Set down a word-for-word copy of the data below, limited to the lines from the first through the line with "by (simp add: eventually_at_right_less)".

'''

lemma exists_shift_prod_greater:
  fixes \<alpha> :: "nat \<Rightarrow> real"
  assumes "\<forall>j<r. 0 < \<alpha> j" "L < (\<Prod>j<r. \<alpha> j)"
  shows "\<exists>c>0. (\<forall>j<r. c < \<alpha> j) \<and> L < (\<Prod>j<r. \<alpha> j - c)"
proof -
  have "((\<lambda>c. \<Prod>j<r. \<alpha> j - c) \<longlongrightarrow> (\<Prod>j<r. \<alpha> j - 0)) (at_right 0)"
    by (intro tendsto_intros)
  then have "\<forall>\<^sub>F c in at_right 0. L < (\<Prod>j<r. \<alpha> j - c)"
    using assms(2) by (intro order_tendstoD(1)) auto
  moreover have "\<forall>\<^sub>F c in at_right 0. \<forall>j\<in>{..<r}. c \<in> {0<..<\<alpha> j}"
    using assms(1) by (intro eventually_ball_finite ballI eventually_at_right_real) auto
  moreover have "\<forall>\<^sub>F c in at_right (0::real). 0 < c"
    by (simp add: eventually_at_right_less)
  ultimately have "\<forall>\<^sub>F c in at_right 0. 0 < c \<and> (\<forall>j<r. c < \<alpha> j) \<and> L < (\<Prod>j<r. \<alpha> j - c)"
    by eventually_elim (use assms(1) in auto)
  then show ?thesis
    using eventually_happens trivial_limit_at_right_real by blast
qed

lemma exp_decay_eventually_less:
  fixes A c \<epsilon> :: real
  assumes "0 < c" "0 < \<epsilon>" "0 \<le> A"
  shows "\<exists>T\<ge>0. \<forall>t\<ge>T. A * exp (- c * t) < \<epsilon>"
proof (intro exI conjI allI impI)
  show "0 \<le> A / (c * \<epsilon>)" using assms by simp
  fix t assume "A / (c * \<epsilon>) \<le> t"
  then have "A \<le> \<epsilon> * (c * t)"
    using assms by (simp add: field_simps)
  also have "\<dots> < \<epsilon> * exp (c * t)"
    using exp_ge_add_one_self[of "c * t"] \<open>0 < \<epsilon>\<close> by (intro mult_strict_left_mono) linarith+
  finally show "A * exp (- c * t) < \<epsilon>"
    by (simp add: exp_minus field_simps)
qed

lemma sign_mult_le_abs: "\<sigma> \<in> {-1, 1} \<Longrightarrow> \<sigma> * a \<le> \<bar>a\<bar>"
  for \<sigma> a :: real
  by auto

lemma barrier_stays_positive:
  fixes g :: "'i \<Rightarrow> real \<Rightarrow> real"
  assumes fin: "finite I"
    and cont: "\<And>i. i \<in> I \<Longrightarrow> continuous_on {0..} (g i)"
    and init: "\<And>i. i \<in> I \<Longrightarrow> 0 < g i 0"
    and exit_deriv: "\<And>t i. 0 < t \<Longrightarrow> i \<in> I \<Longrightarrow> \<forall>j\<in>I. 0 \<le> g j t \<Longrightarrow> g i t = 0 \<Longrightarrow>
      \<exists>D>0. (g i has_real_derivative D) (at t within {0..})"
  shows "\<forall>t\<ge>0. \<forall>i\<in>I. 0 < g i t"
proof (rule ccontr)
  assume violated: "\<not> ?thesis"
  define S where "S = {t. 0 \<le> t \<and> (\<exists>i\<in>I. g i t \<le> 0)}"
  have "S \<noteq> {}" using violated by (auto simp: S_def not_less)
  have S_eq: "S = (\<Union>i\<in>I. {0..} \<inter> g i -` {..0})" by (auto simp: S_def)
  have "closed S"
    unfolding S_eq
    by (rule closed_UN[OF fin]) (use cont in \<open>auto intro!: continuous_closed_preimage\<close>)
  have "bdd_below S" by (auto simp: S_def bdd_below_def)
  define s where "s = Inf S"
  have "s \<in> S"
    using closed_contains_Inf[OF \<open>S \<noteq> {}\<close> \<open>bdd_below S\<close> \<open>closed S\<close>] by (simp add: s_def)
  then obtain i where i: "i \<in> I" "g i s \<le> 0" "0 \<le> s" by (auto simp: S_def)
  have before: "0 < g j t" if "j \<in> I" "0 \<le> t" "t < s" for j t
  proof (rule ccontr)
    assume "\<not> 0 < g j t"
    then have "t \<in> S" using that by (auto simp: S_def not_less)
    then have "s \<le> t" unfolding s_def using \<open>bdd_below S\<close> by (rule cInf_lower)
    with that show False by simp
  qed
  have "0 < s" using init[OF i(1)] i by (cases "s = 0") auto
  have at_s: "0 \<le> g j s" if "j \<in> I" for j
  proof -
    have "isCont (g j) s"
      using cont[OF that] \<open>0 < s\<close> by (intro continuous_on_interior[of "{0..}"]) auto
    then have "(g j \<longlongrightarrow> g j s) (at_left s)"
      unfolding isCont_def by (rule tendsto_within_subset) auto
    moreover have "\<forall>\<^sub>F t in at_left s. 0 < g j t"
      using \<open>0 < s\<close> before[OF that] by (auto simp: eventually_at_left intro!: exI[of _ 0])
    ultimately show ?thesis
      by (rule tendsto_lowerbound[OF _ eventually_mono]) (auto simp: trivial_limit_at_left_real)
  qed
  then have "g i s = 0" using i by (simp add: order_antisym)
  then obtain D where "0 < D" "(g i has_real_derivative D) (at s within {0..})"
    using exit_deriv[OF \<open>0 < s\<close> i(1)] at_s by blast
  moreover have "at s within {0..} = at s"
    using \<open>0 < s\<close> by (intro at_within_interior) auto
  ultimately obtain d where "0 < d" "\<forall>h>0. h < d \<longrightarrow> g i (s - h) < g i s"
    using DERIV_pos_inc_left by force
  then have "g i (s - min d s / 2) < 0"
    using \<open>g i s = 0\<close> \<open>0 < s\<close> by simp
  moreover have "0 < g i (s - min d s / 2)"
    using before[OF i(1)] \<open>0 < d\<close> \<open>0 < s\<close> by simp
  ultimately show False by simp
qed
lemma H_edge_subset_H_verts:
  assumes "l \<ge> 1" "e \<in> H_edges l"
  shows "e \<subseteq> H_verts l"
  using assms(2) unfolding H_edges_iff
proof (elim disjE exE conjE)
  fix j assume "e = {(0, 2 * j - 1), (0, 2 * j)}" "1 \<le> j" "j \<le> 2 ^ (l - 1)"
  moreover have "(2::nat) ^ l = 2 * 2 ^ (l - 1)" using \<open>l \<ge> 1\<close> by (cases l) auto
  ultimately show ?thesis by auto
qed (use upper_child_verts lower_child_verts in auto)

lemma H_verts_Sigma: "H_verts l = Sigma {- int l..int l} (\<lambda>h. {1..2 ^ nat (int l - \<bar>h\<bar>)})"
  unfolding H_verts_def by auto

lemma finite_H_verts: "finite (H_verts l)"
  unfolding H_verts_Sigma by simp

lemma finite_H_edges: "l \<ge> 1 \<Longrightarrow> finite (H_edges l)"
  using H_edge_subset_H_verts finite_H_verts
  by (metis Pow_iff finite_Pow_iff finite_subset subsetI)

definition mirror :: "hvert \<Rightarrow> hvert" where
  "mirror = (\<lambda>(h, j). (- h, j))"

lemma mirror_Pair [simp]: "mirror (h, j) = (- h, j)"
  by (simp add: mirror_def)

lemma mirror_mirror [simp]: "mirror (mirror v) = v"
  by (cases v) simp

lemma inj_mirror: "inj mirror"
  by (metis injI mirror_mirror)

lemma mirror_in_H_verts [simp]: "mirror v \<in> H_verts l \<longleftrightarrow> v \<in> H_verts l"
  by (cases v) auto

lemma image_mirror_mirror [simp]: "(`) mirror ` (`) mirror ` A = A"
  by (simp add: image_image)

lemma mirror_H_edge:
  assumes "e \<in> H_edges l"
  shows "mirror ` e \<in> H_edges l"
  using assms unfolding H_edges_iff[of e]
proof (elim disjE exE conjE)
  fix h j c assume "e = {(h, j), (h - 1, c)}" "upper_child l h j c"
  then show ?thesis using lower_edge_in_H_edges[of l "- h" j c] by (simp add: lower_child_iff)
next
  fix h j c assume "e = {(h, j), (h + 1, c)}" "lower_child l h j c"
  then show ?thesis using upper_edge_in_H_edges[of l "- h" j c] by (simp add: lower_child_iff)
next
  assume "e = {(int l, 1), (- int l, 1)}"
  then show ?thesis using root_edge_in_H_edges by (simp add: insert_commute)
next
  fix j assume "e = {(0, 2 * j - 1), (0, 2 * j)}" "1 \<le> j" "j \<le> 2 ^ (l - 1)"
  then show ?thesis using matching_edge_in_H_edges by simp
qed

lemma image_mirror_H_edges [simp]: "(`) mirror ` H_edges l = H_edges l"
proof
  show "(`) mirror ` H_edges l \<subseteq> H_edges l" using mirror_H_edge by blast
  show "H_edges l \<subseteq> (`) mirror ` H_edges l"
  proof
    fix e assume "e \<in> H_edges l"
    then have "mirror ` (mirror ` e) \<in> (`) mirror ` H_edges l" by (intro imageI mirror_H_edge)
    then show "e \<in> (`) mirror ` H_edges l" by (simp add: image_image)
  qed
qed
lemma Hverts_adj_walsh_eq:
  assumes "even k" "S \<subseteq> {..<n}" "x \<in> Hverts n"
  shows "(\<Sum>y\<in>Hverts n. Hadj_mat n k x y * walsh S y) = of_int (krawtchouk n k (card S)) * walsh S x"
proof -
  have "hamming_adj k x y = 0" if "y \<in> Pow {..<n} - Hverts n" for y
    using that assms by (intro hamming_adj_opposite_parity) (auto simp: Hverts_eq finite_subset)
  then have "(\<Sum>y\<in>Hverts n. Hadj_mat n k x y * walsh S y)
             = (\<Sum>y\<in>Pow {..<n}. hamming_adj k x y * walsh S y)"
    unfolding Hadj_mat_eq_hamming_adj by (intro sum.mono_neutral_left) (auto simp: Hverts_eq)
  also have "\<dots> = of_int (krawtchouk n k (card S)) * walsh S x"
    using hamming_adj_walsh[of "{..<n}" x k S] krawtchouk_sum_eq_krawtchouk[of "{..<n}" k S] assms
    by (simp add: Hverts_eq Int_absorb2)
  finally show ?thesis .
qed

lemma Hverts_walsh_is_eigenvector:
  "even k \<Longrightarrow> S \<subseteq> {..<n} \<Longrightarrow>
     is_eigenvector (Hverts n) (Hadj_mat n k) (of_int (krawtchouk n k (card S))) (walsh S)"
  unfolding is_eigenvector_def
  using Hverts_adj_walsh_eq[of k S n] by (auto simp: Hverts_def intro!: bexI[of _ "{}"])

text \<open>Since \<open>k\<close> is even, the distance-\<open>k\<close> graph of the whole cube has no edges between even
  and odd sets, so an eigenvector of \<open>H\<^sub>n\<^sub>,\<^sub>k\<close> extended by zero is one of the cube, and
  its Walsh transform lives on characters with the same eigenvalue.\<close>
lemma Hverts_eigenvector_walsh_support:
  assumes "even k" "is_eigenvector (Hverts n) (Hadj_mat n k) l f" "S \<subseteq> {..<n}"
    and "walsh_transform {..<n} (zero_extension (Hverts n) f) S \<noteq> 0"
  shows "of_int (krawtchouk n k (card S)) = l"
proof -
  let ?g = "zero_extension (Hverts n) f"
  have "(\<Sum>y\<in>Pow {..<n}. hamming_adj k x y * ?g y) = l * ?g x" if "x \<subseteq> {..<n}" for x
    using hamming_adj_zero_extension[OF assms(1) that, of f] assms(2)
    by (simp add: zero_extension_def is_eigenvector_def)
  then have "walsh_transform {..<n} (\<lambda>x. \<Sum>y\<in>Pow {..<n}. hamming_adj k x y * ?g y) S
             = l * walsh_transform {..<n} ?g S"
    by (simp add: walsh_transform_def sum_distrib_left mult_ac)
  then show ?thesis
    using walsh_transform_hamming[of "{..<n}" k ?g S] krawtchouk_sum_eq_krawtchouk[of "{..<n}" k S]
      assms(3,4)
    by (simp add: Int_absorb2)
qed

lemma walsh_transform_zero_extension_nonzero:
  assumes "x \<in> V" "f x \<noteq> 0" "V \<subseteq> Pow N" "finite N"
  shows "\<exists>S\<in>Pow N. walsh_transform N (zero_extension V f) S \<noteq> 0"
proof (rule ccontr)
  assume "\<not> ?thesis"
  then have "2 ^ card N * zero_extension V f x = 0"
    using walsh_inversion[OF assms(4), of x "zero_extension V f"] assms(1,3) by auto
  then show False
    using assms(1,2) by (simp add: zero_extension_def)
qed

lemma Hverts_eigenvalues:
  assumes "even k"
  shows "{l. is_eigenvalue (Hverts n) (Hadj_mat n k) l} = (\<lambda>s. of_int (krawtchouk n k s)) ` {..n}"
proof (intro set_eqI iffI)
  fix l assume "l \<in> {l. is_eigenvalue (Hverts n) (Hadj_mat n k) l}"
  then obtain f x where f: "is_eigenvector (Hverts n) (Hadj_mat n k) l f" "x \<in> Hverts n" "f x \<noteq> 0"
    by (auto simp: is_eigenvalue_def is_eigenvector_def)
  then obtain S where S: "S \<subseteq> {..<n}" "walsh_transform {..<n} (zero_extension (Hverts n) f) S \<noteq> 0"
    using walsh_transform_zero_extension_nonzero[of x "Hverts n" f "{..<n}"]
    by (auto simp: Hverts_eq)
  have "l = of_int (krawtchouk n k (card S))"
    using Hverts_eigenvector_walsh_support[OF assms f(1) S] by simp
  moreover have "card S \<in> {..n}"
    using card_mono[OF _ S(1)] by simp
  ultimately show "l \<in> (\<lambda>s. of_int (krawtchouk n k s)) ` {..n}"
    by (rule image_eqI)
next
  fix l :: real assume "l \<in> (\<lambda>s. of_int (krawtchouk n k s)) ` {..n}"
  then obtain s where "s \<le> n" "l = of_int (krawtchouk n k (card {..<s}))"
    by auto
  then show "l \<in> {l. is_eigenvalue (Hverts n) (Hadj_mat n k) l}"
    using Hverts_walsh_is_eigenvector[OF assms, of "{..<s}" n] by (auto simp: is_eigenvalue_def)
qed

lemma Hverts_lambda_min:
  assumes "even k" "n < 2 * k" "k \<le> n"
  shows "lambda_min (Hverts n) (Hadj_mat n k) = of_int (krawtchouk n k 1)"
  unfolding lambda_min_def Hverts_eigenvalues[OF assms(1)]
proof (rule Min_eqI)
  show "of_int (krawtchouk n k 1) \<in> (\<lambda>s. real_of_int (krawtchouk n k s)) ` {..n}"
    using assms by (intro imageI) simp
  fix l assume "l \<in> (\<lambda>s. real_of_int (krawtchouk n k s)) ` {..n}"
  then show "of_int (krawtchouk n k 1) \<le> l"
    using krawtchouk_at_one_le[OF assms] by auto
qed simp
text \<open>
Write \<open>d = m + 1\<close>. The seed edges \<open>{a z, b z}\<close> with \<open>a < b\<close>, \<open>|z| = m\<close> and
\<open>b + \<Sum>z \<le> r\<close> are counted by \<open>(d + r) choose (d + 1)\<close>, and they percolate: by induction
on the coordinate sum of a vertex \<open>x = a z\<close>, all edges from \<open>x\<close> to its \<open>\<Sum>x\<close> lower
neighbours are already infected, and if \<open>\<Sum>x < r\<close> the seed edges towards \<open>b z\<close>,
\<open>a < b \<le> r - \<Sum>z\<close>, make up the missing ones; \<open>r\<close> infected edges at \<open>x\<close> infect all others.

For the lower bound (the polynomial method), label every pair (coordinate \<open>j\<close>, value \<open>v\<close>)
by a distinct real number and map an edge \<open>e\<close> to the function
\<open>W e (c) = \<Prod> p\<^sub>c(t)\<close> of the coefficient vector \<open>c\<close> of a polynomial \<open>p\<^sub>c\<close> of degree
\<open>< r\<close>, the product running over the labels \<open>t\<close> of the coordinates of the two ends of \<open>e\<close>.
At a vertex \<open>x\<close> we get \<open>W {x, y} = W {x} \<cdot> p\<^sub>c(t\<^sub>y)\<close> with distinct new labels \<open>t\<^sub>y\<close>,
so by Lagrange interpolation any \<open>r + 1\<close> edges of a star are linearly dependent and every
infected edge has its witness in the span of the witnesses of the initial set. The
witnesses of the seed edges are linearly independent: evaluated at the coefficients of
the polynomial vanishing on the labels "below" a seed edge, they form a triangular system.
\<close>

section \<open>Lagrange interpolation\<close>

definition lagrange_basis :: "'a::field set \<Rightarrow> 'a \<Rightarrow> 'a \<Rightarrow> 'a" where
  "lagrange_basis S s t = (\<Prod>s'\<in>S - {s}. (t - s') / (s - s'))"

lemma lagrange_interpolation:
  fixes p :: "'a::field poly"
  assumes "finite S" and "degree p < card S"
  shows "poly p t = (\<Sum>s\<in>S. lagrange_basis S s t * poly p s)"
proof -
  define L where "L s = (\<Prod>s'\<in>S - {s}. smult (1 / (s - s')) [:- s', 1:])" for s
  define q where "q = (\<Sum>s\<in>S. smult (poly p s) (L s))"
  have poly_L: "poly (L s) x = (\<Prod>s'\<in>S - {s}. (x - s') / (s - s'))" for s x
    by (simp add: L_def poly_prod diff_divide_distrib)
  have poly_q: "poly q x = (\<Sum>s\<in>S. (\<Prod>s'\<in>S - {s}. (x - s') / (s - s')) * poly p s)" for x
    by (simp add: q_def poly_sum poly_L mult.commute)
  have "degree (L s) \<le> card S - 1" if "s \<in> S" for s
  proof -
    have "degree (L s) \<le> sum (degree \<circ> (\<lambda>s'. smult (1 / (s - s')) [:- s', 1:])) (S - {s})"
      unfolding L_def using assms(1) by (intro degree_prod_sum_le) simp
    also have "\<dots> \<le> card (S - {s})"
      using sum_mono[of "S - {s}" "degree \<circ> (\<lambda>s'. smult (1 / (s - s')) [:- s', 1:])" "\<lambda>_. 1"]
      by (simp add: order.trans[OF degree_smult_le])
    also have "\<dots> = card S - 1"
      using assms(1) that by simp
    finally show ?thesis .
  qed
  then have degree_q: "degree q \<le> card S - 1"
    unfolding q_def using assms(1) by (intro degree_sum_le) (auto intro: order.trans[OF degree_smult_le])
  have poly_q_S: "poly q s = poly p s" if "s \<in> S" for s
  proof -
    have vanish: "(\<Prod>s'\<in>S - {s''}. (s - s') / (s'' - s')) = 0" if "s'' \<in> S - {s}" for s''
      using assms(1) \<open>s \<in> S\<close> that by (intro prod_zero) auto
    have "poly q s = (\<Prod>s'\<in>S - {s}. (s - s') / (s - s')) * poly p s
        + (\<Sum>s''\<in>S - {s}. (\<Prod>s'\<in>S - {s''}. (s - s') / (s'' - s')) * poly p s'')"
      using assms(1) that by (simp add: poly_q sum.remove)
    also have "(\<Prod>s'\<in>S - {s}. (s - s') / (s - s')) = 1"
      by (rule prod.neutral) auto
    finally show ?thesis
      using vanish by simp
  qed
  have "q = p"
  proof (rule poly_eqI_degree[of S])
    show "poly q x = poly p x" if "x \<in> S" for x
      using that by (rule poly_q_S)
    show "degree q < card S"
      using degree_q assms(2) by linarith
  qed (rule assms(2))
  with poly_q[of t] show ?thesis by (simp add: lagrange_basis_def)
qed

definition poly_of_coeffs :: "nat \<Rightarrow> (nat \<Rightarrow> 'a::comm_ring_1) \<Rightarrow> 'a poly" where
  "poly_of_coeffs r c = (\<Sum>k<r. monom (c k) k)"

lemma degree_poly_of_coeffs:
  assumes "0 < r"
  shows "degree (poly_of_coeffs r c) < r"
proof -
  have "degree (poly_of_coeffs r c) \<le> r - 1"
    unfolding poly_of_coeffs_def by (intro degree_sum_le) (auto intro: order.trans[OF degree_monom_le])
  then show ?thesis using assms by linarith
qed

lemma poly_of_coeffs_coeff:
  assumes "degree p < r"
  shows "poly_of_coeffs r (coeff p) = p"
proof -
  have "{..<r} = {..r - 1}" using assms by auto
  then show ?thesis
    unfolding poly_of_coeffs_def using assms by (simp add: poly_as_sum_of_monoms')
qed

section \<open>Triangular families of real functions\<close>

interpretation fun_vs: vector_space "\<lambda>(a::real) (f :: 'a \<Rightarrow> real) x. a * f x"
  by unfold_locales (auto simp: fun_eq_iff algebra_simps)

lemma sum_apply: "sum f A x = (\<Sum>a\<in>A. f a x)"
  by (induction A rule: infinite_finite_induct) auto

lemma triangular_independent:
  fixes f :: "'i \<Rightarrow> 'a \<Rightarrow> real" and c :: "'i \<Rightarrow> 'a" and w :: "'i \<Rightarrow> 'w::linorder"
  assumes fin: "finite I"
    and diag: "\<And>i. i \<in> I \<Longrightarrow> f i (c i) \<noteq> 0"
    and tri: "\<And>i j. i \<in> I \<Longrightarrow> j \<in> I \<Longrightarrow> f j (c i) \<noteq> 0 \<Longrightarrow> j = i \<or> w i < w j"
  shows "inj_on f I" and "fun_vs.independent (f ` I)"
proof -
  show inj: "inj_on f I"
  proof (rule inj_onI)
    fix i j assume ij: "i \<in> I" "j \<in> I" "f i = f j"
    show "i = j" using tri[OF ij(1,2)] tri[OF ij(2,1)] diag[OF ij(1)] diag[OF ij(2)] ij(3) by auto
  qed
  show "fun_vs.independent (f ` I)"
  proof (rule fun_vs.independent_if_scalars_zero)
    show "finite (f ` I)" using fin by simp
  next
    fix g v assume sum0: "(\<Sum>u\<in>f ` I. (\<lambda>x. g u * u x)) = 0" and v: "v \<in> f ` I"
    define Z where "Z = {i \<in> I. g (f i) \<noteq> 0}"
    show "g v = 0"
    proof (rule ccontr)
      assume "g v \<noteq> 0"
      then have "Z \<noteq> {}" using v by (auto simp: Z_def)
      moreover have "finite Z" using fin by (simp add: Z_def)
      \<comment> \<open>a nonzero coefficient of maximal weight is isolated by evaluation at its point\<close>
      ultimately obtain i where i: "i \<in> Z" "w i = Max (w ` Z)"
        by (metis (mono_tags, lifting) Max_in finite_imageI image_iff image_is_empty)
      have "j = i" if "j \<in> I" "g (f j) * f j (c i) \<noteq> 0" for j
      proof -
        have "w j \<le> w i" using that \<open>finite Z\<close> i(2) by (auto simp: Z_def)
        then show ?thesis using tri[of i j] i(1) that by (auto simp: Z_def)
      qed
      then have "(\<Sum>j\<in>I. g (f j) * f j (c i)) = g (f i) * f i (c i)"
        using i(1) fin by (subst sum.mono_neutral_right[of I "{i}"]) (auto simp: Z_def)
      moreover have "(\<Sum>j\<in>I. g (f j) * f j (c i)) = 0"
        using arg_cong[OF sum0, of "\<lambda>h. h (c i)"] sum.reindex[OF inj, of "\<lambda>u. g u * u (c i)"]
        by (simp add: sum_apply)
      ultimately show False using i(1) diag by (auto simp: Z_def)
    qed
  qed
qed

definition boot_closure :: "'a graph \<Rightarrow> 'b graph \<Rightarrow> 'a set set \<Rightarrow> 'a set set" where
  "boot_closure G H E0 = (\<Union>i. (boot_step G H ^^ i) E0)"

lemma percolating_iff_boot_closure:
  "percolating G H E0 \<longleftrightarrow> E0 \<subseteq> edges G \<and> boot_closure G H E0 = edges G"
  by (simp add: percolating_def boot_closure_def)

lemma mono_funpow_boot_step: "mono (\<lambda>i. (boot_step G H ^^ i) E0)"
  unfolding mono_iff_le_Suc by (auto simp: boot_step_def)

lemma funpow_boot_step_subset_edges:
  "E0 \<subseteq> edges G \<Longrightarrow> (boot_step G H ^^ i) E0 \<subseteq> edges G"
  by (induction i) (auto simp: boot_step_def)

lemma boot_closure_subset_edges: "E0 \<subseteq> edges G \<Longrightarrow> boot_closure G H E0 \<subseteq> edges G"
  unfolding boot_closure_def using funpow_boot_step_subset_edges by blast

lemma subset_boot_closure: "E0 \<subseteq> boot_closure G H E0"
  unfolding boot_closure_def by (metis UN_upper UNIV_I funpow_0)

'''

### Completed exercise
lemma exists_shift_prod_greater:
  fixes \<alpha> :: "nat \<Rightarrow> real"
  assumes "\<forall>j<r. 0 < \<alpha> j" "L < (\<Prod>j<r. \<alpha> j)"
  shows "\<exists>c>0. (\<forall>j<r. c < \<alpha> j) \<and> L < (\<Prod>j<r. \<alpha> j - c)"
proof -
  have "((\<lambda>c. \<Prod>j<r. \<alpha> j - c) \<longlongrightarrow> (\<Prod>j<r. \<alpha> j - 0)) (at_right 0)"
    by (intro tendsto_intros)
  then have "\<forall>\<^sub>F c in at_right 0. L < (\<Prod>j<r. \<alpha> j - c)"
    using assms(2) by (intro order_tendstoD(1)) auto
  moreover have "\<forall>\<^sub>F c in at_right 0. \<forall>j\<in>{..<r}. c \<in> {0<..<\<alpha> j}"
    using assms(1) by (intro eventually_ball_finite ballI eventually_at_right_real) auto
  moreover have "\<forall>\<^sub>F c in at_right (0::real). 0 < c"
    by (simp add: eventually_at_right_less)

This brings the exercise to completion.